Chroniques

par david verdier

Anne Gastinel et le Quatuor Diotima
création française de Farrago de Gérard Pesson

Théâtre des Bouffes du nord, Paris
- 25 novembre 2013

Agenda chargé pour le Quatuor Diotima. Après São Paulo, Berlin, Edimbourg en passant par Huddersfield, les quatre musiciens posent leurs valises aux Bouffes du nord. Le programme présente trois univers fondamentalement différents et complémentaires – à l'image d'un quatuor s'appropriant l'effacement des frontières comme marque stylistique.

Avec l'opus 3 d'Alban Berg, les Diotima choisissent d'interpréter une œuvre qui prolongera le projet discographique en cours chez Naïve autour de la Seconde École de Vienne. Dernière partition composée sous la supervision d'Arnold Schönberg, elle se caractérise par une austérité et un désenchantement qui annonce par fragments une personnalité bientôt en pleine mutation. Le Langsam initial est construit selon une forme sonate suivie d'un vaste développement. L'alternance des espaces-temps tantôt en expansion, tantôt plus resserrée, se combine dans des alliages ambigus que rien ne vient dissiper. Le vibrato d’Yun-Peng Zhao dessine une ligne assez dure qui ne se libère qu'au moment de la coda. L'âpreté du deuxième mouvement, Maßig modéré, donne à la forme rondo un caractère intransigeant, plus proche du modèle sériel que de l'onirisme vénéneux de la Suite lyrique.

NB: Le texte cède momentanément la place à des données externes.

lemma kG_ideal_imp_left_ideal_opposite:
  "group G \<Longrightarrow> kG_ideal G I \<Longrightarrow> kG_left_ideal (opposite_monoid G) I"
  by (simp add: kG_ideal_def kG_left_ideal_def kG_def ga_mult_opposite_monoid)

lemma kG_ideal_central_idempotent:
  fixes G :: "('g,'b) monoid_scheme" and I :: "('g \<Rightarrow> 'k::field_char_0) set"
  assumes G: "group G" "finite (carrier G)" and I: "kG_ideal G I"
  obtains e where "e \<in> I" and "e \<in> kG_center G" and "ga_mult G e e = e"
    and "\<And>x. x \<in> I \<Longrightarrow> ga_mult G e x = x"
proof -
  have I_left: "kG_left_ideal G I" using I by (simp add: kG_ideal_def)
  obtain e where e: "e \<in> I" and right_unit: "\<And>x. x \<in> I \<Longrightarrow> ga_mult G x e = x"
    using kG_left_ideal_right_unit[OF G I_left] by blast
  obtain f where f: "f \<in> I"
    and "\<And>x. x \<in> I \<Longrightarrow> ga_mult (opposite_monoid G) x f = x"
    using kG_left_ideal_right_unit[OF group_opposite_monoid[OF G(1)] _
        kG_ideal_imp_left_ideal_opposite[OF G(1) I]] G(2)
    by auto
  then have left_unit: "\<And>x. x \<in> I \<Longrightarrow> ga_mult G f x = x"
    by (simp add: ga_mult_opposite_monoid[OF G(1)])
  have "e = f" using right_unit[OF f] left_unit[OF e] by simp
  have "ga_mult G a e = ga_mult G e a" if a: "a \<in> kG G" for a
  proof -
    have "ga_mult G a e \<in> I" and "ga_mult G e a \<in> I"
      using I a e by (simp_all add: kG_ideal_def kG_left_ideal_def)
    then have "ga_mult G a e = ga_mult G e (ga_mult G a e)"
      and "ga_mult G e a = ga_mult G (ga_mult G e a) e"
      using left_unit right_unit \<open>e = f\<close> by simp_all
    then show ?thesis by (simp add: ga_mult_assoc[OF G])
  qed
  moreover have "e \<in> kG G" using I e by (auto simp: kG_ideal_def kG_left_ideal_def)
  ultimately have "e \<in> kG_center G" by (simp add: kG_center_def)
  then show ?thesis using that e right_unit left_unit \<open>e = f\<close> by blast
qed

Vingt ans après Respirez, ne respirez plus, Gérard Pesson revient à l'écriture pour quatuor à cordes avec Farrago, sa troisième page du genre. Derrière le trompe-l’œil furieusement dilettante, on retrouve sans surprise un métier aguerri et la maîtrise absolue d'une palette d'effets. Les modes de jeu alternent fragmentations et affects dans une stratification fragile d'impacts sensitifs sollicitant l'écoute avec des invites très explicites… « Je veux être poète et je travaille à me rendre voyant » écrivait Rimbaud à Georges Izambard et Paul Demeny. Impossible de ne pas penser à ce dérèglement de tous les sens auquel fait référence la musique de Pesson (au point de confondre les acceptions et d'inviter à littéralement inverser le sonore pour n'en retenir que le stimulus formel). Cette impression de pose continue laisserait facilement penser que la composition se réduit à un art du ludique et de la légèreté.

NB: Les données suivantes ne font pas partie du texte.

theorem mainTheorem8:
  fixes V :: "'a set" and E :: "'a set set"
    and M :: "'w measure" and X :: "noise_idx \<Rightarrow> 'w \<Rightarrow> real"
    and \<epsilon> \<beta> \<delta> :: real
  assumes eps: "\<epsilon> > 0"
    and beta: "0 < \<beta>" "\<beta> < 1"
    and delta: "0 < \<delta>" "\<delta> < 1"
    and G: "simple_graph V E" "E \<noteq> {}"
    and P: "prob_space M"
    and indep: "prob_space.indep_vars M (\<lambda>_. borel) X UNIV"
    and lapT: "distributed M lborel (X NT) (laplace_density (4 / \<epsilon>))"
    and lapQ: "\<And>k. distributed M lborel (X (NQ k)) (laplace_density (4 / \<epsilon>))"
    and lapF: "distributed M lborel (X NF) (laplace_density (6 / \<epsilon>))"
  shows "measure M {\<omega>\<in>space M. \<exists>k. alg_stops_at V E \<epsilon> \<beta> (\<lambda>i. X i \<omega>) k \<and>
            (let t = alg_output V E \<epsilon> \<beta> \<delta> (\<lambda>i. X i \<omega>) k in
               t \<le> 6 * real (max_deg V E) + 24 / \<epsilon> * ln (log 2 (4 * real (max_deg V E)))
                      + 48 / \<epsilon> * ln (4 / \<beta>) + 12 / \<epsilon> * ln (max (1 / \<delta>) (2 / \<beta>)) + 1
             \<and> real (N_ge V E t) \<le> 24 / \<epsilon> * ln (log 2 (4 * real (max_deg V E)))
                      + 48 / \<epsilon> * ln (4 / \<beta>))} \<ge> 1 - \<beta>
       \<and> measure M {\<omega>\<in>space M. \<exists>k. alg_stops_at V E \<epsilon> \<beta> (\<lambda>i. X i \<omega>) k \<and>
            (let t = alg_output V E \<epsilon> \<beta> \<delta> (\<lambda>i. X i \<omega>) k in
               t + real (N_ge V E t) \<le> 2 * t)} \<ge> 1 - \<delta>"
proof -
  interpret noisy_threshold_search M V E X \<epsilon> \<beta> \<delta>
    using assms by (simp add: noisy_threshold_search_def noisy_threshold_search_axioms_def)
  show ?thesis
    using prob_alg_output_accurate prob_alg_output_plus_N_ge_le by simp
qed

Schubert fait partie des incursions récurrentes du Quatuor Diotima dans ce qu'il est convenu d'appeler le « répertoire ». Sans avoir encore entendu le récent enregistrement du Quintette en ut majeur D.956 (Naïve), on était tout de même curieux d'écouter le résultat de la collaboration avec Anne Gastinel. Dès les premières notes, le souvenir des quatuors d’Onslow remonte à la surface [lire notre chronique du 27 février 2010], comme la confirmation d'une adéquation avec cet univers pictural et littéraire. On pourra être déçu par la tension parasite qui surgit çà et là dans l'Allegro initial, mais la plénitude suspendue de l'Adagio est, elle, proprement stupéfiante. La lumière diffuse et les alliages de timbres fluctuent au gré des interventions du Goffriller d'Anne Gastinel, dont à de nombreuses reprises la sonorité de grand orgue noie l'équilibre général. Avec l'Allegretto furibond, la concentration finit par l'emporter et les lignes se resserrent fort heureusement. Sans qu’elle soit pleinement convaincante, on ne pourra donc rester insensible à cette proposition hors des sentiers battus.